Making an informed decision indeed requires considerable effort, as it is a multifactorial process. We must analyze multiple variables and synthesize them quickly, often within minutes, like when faced with an overcrowded grocery aisle. For everyone, it is an even greater challenge in an already busy day. This is precisely why we develop shopping habits: they allow us to make decisions more quickly by relying on past choices. However, novelty always seeks to capture our attention and disrupt these habits, or even integrate into them.
Whether it is an individual decision as trivial as choosing a package of pasta or a collective decision such as selecting furniture for a school, every choice involves a process and often a consensus. To properly define this process, it is essential to analyze the context in which the decision is made. Who is the product intended for? Where will it be used? Where does it come from? What uses does it offer? Thus, before analyzing the product itself, one must first examine its context. Simplifying decision-making, therefore, involves a better understanding of our real needs. But in reality, I believe it would be reductive to focus solely on needs—it goes even further: it is about considering the complete experience we will have with the product, which is often the most challenging aspect.
In 2008, I completed my master’s thesis in Helsinki, Finland, entitled Toward Meaningfulness. This work explored the relationships between individuals and their material culture, questioning the reasons for our attachment to objects and the motivations that drive us to choose and engage with them. According to two Dutch researchers from Delft University (Hekkert and Desmet), our experience with a product is based on three fundamental concepts: meaning, emotion, and aesthetics.
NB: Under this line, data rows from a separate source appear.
(* For every integer $n\ge0$: (1) $\displaystyle\sum_{k=0}^n(-1)^{n-k}\binom nk(y+1)^{n-k}\mathrm B_{k+1}(x,y)=\mathrm{Fe}_n(x)$; (2) $\displaystyle\sum_{k=0}^n(-1)^{n-k}\binom nk(y+1)^{n-k}\mathrm C_{k+1}(x,y)$ equals $x^{n/2}\mathcal C_{n/2}$ if $n$ is even and $0$ if $n$ is odd, where $\mathcal C_m=\frac1{m+1}\binom{2m}m$.
   Context: A set partition of $[n]=\{1,\dots,n\}$ is a set of nonempty pairwise disjoint sets (blocks) with union $[n]$. A pair $(i,j)$ is an arc of $\Lambda$ if $i<j$ lie in the same block and $j$ is the least element of that block greater than $i$; $\mathrm{Arc}(\Lambda)$ is the set of arcs and $\mathrm{Cov}(\Lambda)=\{(i,j)\in\mathrm{Arc}(\Lambda):j=i+1\}$. $\Lambda$ is noncrossing if there are no arcs $(i,k),(j,l)$ with $i<j<k<l$, and feasible if every block has at least two elements. $\Pi(n)$, $\mathrm{NC}(n)$ are the sets of partitions and noncrossing partitions of $[n]$. $\mathrm B_n(x,y)=\sum_{\Lambda\in\Pi(n)}x^{|\mathrm{Arc}(\Lambda)\setminus\mathrm{Cov}(\Lambda)|}y^{|\mathrm{Cov}(\Lambda)|}$, $\mathrm C_n(x,y)$ is the same sum over $\mathrm{NC}(n)$, and $\mathrm{Fe}_n(x)=\sum_{\text{feasible }\Lambda\in\Pi(n)}x^{|\mathrm{Arc}(\Lambda)|}$ (with the empty partition of $[0]$ counted, so $\mathrm{Fe}_0=1$). *)

theory Defs
  imports Complex_Main "HOL-Library.Disjoint_Sets"
begin

definition set_partitions :: "nat \<Rightarrow> nat set set set" where
  "set_partitions n = {P. partition_on {1..n} P}"

definition arcs :: "nat set set \<Rightarrow> (nat \<times> nat) set" where
  "arcs P = {(i, j). \<exists>B\<in>P. i \<in> B \<and> j \<in> B \<and> i < j \<and> (\<forall>k\<in>B. i < k \<longrightarrow> j \<le> k)}"

definition cov :: "nat set set \<Rightarrow> (nat \<times> nat) set" where
  "cov P = {(i, j) \<in> arcs P. j = i + 1}"

definition noncrossing :: "nat set set \<Rightarrow> bool" where
  "noncrossing P \<longleftrightarrow> \<not> (\<exists>i j k l. (i, k) \<in> arcs P \<and> (j, l) \<in> arcs P \<and> i < j \<and> j < k \<and> k < l)"

definition feasible :: "nat set set \<Rightarrow> bool" where
  "feasible P \<longleftrightarrow> (\<forall>B\<in>P. card B \<ge> 2)"

definition nc_partitions :: "nat \<Rightarrow> nat set set set" where
  "nc_partitions n = {P \<in> set_partitions n. noncrossing P}"

definition Bpoly :: "nat \<Rightarrow> real \<Rightarrow> real \<Rightarrow> real" where
  "Bpoly n x y = (\<Sum>P\<in>set_partitions n. x ^ card (arcs P - cov P) * y ^ card (cov P))"

definition Cpoly :: "nat \<Rightarrow> real \<Rightarrow> real \<Rightarrow> real" where
  "Cpoly n x y = (\<Sum>P\<in>nc_partitions n. x ^ card (arcs P - cov P) * y ^ card (cov P))"

definition Fe :: "nat \<Rightarrow> real \<Rightarrow> real" where
  "Fe n x = (\<Sum>P\<in>{P \<in> set_partitions n. feasible P}. x ^ card (arcs P))"

definition catalan :: "nat \<Rightarrow> real" where
  "catalan m = (1 / (real m + 1)) * real ((2 * m) choose m)"

end

theory Submission
  imports Defs
begin

text \<open>
  Every partition of [n+1] arises exactly once from a partition of [n], either by adding n+1 as a
  singleton block or by appending n+1 to a block B; the latter creates the single new arc
  (max B, n+1), which is a covering arc iff max B = n. Refining the generating functions by an
  auxiliary level h turns this into the recurrence of weighted Motzkin paths with level weights
  \<alpha> h and down-step weights \<beta> h: (1 + y + x h, x (h+1)) for B_(n+1), (x h, x (h+1)) for Fe_n,
  and (1 + y, x) for C_(n+1), since a noncrossing partition may only be extended at blocks whose
  maximum lies under no arc. Adding a constant to all level weights is a binomial transform, so the
  alternating sums with y + 1 remove it, leaving Fe_n and x-weighted Dyck paths respectively; the
  latter return to height 0 with total weight x^(n/2) times a Catalan number.
\<close>

section \<open>Weighted Motzkin paths\<close>

text \<open>Total weight of the paths of n steps from height 0 to height h in which an up step weighs 1,
  a level step at height h weighs \<alpha> h and a down step to height h weighs \<beta> h.\<close>
fun motzkin :: "(nat \<Rightarrow> real) \<Rightarrow> (nat \<Rightarrow> real) \<Rightarrow> nat \<Rightarrow> nat \<Rightarrow> real" where
  "motzkin \<alpha> \<beta> 0 h = (if h = 0 then 1 else 0)"
| "motzkin \<alpha> \<beta> (Suc n) h =
     (if h = 0 then 0 else motzkin \<alpha> \<beta> n (h - 1)) + \<alpha> h * motzkin \<alpha> \<beta> n h + \<beta> h * motzkin \<alpha> \<beta> n (Suc h)"

lemma sum_binomial_Suc:
  fixes a :: real and w :: "nat \<Rightarrow> real"
  shows "(\<Sum>k\<le>Suc n. real (Suc n choose k) * a ^ (Suc n - k) * w k)
       = (\<Sum>k\<le>n. real (n choose k) * a ^ (n - k) * w (Suc k)) + a * (\<Sum>k\<le>n. real (n choose k) * a ^ (n - k) * w k)"
proof -
  let ?T = "\<Sum>k\<le>n. real (n choose Suc k) * a ^ (n - k) * w (Suc k)"
  have pascal: "(\<Sum>k\<le>Suc n. real (Suc n choose k) * a ^ (Suc n - k) * w k)
      = (\<Sum>k\<le>n. real (n choose k) * a ^ (n - k) * w (Suc k)) + (a ^ Suc n * w 0 + ?T)"
    by (simp only: sum.atMost_Suc_shift binomial_Suc_Suc diff_Suc_Suc of_nat_add distrib_right sum.distrib)
      (simp add: add_ac)
  have "a ^ Suc n * w 0 + ?T = (\<Sum>k\<le>Suc n. real (n choose k) * a ^ (Suc n - k) * w k)"
    by (subst sum.atMost_Suc_shift) simp
  also have "\<dots> = a * (\<Sum>k\<le>n. real (n choose k) * a ^ (n - k) * w k)"
    by (simp add: sum_distrib_left Suc_diff_le mult_ac)
  finally show ?thesis
    using pascal by simp
qed

lemma motzkin_shift:
  "motzkin (\<lambda>h. \<alpha> h + a) \<beta> n h = (\<Sum>k\<le>n. real (n choose k) * a ^ (n - k) * motzkin \<alpha> \<beta> k h)"
proof (induction n arbitrary: h)
  case 0
  then show ?case by simp
next
  case (Suc n)
  let ?S = "\<lambda>f. \<Sum>k\<le>n. real (n choose k) * a ^ (n - k) * f k"
  let ?step = "\<lambda>k. (if h = 0 then 0 else motzkin \<alpha> \<beta> k (h - 1)) + \<alpha> h * motzkin \<alpha> \<beta> k h
                   + \<beta> h * motzkin \<alpha> \<beta> k (Suc h)"
  have "motzkin (\<lambda>h. \<alpha> h + a) \<beta> (Suc n) h
      = (if h = 0 then 0 else ?S (\<lambda>k. motzkin \<alpha> \<beta> k (h - 1))) + \<alpha> h * ?S (\<lambda>k. motzkin \<alpha> \<beta> k h)
        + \<beta> h * ?S (\<lambda>k. motzkin \<alpha> \<beta> k (Suc h)) + a * ?S (\<lambda>k. motzkin \<alpha> \<beta> k h)"
    by (simp only: motzkin.simps Suc.IH) (simp add: algebra_simps)
  also have "\<dots> = ?S ?step + a * ?S (\<lambda>k. motzkin \<alpha> \<beta> k h)"
    by (simp add: sum_distrib_left sum.distrib algebra_simps)
  also have "\<dots> = (\<Sum>k\<le>Suc n. real (Suc n choose k) * a ^ (Suc n - k) * motzkin \<alpha> \<beta> k h)"
    by (simp only: sum_binomial_Suc motzkin.simps(2))
  finally show ?case .
qed

lemma motzkin_unshift:
  "(\<Sum>k\<le>n. (-1) ^ (n - k) * real (n choose k) * a ^ (n - k) * motzkin (\<lambda>h. \<alpha> h + a) \<beta> k h)
   = motzkin \<alpha> \<beta> n h"
proof -
  have "motzkin \<alpha> \<beta> n h = motzkin (\<lambda>h. (\<alpha> h + a) + - a) \<beta> n h"
    by simp
  also have "\<dots> = (\<Sum>k\<le>n. real (n choose k) * (- a) ^ (n - k) * motzkin (\<lambda>h. \<alpha> h + a) \<beta> k h)"
    by (rule motzkin_shift)
  finally show ?thesis
    by (simp only: power_minus[of a] mult.assoc mult.left_commute[of "(-1) ^ _"])
qed

section \<open>Dyck paths and ballot numbers\<close>

definition ballot :: "nat \<Rightarrow> nat \<Rightarrow> real" where
  "ballot k r = real (k choose r) - (if r = 0 then 0 else real (k choose (r - 1)))"

lemma ballot_0 [simp]: "ballot k 0 = 1"
  by (simp add: ballot_def)

lemma ballot_Suc_Suc: "ballot (Suc k) (Suc r) = ballot k (Suc r) + ballot k r"
  by (cases r) (simp_all add: ballot_def)

lemma ballot_odd_middle: "ballot (Suc (2 * r)) (Suc r) = 0"
proof -
  have "Suc (2 * r) choose Suc r = Suc (2 * r) choose r"
    using binomial_symmetric[of "Suc r" "Suc (2 * r)"] by simp
  then show ?thesis by (simp add: ballot_def)
qed

lemma ballot_even_middle: "ballot (2 * m) m = catalan m"
proof (cases m)
  case (Suc m')
  have "m * ((2 * m) choose m) = (2 * m) * ((2 * m - 1) choose (m - 1))"
    using times_binomial_minus1_eq[of m "2 * m"] Suc by simp
  also have "\<dots> = (m + 1) * ((2 * m) choose (m - 1))"
    using binomial_absorb_comp[of "2 * m" "m - 1"] Suc by simp
  finally have "real m * real ((2 * m) choose m) = (real m + 1) * real ((2 * m) choose (m - 1))"
    by (metis of_nat_1 of_nat_add of_nat_mult)
  then have "real ((2 * m) choose (m - 1)) = real m * real ((2 * m) choose m) / (real m + 1)"
    by (simp add: field_simps)
  then show ?thesis
    using Suc by (simp add: ballot_def catalan_def field_simps)
qed (simp add: catalan_def)

lemma motzkin_dyck:
  "motzkin (\<lambda>_. 0) (\<lambda>_. x) k h
   = (if h \<le> k \<and> even (k + h) then x ^ ((k - h) div 2) * ballot k ((k - h) div 2) else 0)"
proof (induction k arbitrary: h)
  case 0
  then show ?case by simp
next
  case (Suc k)
  have step: "motzkin (\<lambda>_. 0) (\<lambda>_. x) (Suc k) h
      = (if h = 0 then 0 else motzkin (\<lambda>_. 0) (\<lambda>_. x) k (h - 1)) + x * motzkin (\<lambda>_. 0) (\<lambda>_. x) k (Suc h)"
    by simp
  show ?case
  proof (cases "h \<le> Suc k \<and> even (Suc k + h)")
    case False
    then show ?thesis
      unfolding step Suc.IH by auto
  next
    case True
    then obtain r where r: "Suc k = h + 2 * r"
      by (metis add_diff_inverse_nat evenE not_le odd_add)
    consider (top) "r = 0" | (bottom) r' where "h = 0" "r = Suc r'" | (middle) r' where "h > 0" "r = Suc r'"
      by (cases r) auto
    then show ?thesis
    proof cases
      case top
      then show ?thesis
        unfolding step Suc.IH using r by auto
    next
      case bottom
      then have k: "k = Suc (2 * r')"
        using r by simp
      have "ballot (Suc k) (Suc r') = ballot k r'"
        using ballot_Suc_Suc[of k r'] ballot_odd_middle[of r'] k by simp
      then show ?thesis
        unfolding step Suc.IH using bottom k by simp
    next
      case middle
      then have k: "k = h + Suc (2 * r')"
        using r by simp
      have "(k - (h - 1)) div 2 = Suc r'" "(k - Suc h) div 2 = r'" "(Suc k - h) div 2 = Suc r'" "h - 1 \<le> k"
        using k middle(1) by presburger+
      then show ?thesis
        unfolding step Suc.IH using middle k
        by (simp add: ballot_Suc_Suc algebra_simps)
    qed
  qed
qed

lemma motzkin_dyck_0:
  "motzkin (\<lambda>_. 0) (\<lambda>_. x) n 0 = (if even n then x ^ (n div 2) * catalan (n div 2) else 0)"
proof (cases "even n")
  case True
  then obtain m where "n = 2 * m" ..
  then show ?thesis
    by (simp add: motzkin_dyck ballot_even_middle)
qed (simp add: motzkin_dyck)

section \<open>Adding an element to a partition\<close>

definition join_block :: "'a \<Rightarrow> 'a set set \<Rightarrow> 'a set \<Rightarrow> 'a set set" where
  "join_block m P B = insert (insert m B) (P - {B})"

lemma partition_on_remove_block:
  assumes "partition_on A P" "B \<in> P"
  shows "partition_on (A - B) (P - {B})" "disjnt B (\<Union>(P - {B}))"
proof -
  have "disjoint P"
    using assms(1) by (rule partition_onD2)
  then show disj: "disjnt B (\<Union>(P - {B}))"
    using assms(2) by (auto simp: disjnt_def pairwise_def)
  have "partition_on A (insert B (P - {B}))"
    using assms by (simp add: insert_absorb)
  then show "partition_on (A - B) (P - {B})"
    using partition_on_insert[OF disj] by blast
qed

lemma partition_on_insert_singleton:
  assumes "partition_on A P" "m \<notin> A"
  shows "partition_on (insert m A) (insert {m} P)"
proof -
  have "disjnt {m} (\<Union>P)"
    using assms partition_onD1[OF assms(1)] by auto
  then show ?thesis
    using assms by (simp add: partition_on_insert)
qed

lemma partition_on_join_block:
  assumes "partition_on A P" "B \<in> P" "m \<notin> A"
  shows "partition_on (insert m A) (join_block m P B)"
proof -
  note rest = partition_on_remove_block[OF assms(1,2)]
  have "disjnt (insert m B) (\<Union>(P - {B}))"
    using rest partition_onD1[OF rest(1)] assms(3) by (auto simp: disjnt_def)
  moreover have "insert m A - insert m B = A - B" "B \<subseteq> A"
    using assms partition_onD1[OF assms(1)] by auto
  ultimately show ?thesis
    unfolding join_block_def using rest(1) by (auto simp: partition_on_insert)
qed

lemma restrict_insert_singleton:
  assumes "partition_on A P" "m \<notin> A"
  shows "(\<inter>) A ` insert {m} P - {{}} = P"
proof -
  have "(\<inter>) A ` P = id ` P"
    using partition_onD1[OF assms(1)] by (intro image_cong) auto
  then show ?thesis
    using assms partition_onD3[OF assms(1)] by auto
qed

lemma restrict_join_block:
  assumes "partition_on A P" "B \<in> P" "m \<notin> A"
  shows "(\<inter>) A ` join_block m P B - {{}} = P"
proof -
  have "(\<inter>) A ` (P - {B}) = id ` (P - {B})"
    using partition_onD1[OF assms(1)] by (intro image_cong) auto
  moreover have "A \<inter> insert m B = B"
    using assms partition_onD1[OF assms(1)] by auto
  ultimately show ?thesis
    using assms partition_onD3[OF assms(1)] by (auto simp: join_block_def)
qed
Aesthetics correspond to the sensory perception of the object (touch, sight, hearing, etc.). Meaning refers to the more rational dimension of the product: its utility, impact, significance, and the memories it can evoke. Finally, emotion defines the affective relationship we have with the object, explaining why we react differently to certain products. This emotional dimension can strengthen or break our bond with an object.
Thus, it is essential that products be designed and acquired with the ultimate goal of generating a positive experience, not only for us but also for our environment. Too often, we separate humans from nature, whereas the latter can exist without us, while the reverse is not true. Our choices should therefore be guided by this positive experience, which combines meaning, emotion, and aesthetics. But in reality, how does this translate? What truly characterizes these multifactorial decisions? And even, could artificial intelligence help us make better choices? It is quite possible, but beyond the choice itself, the answer lies first and foremost in our hearts and minds.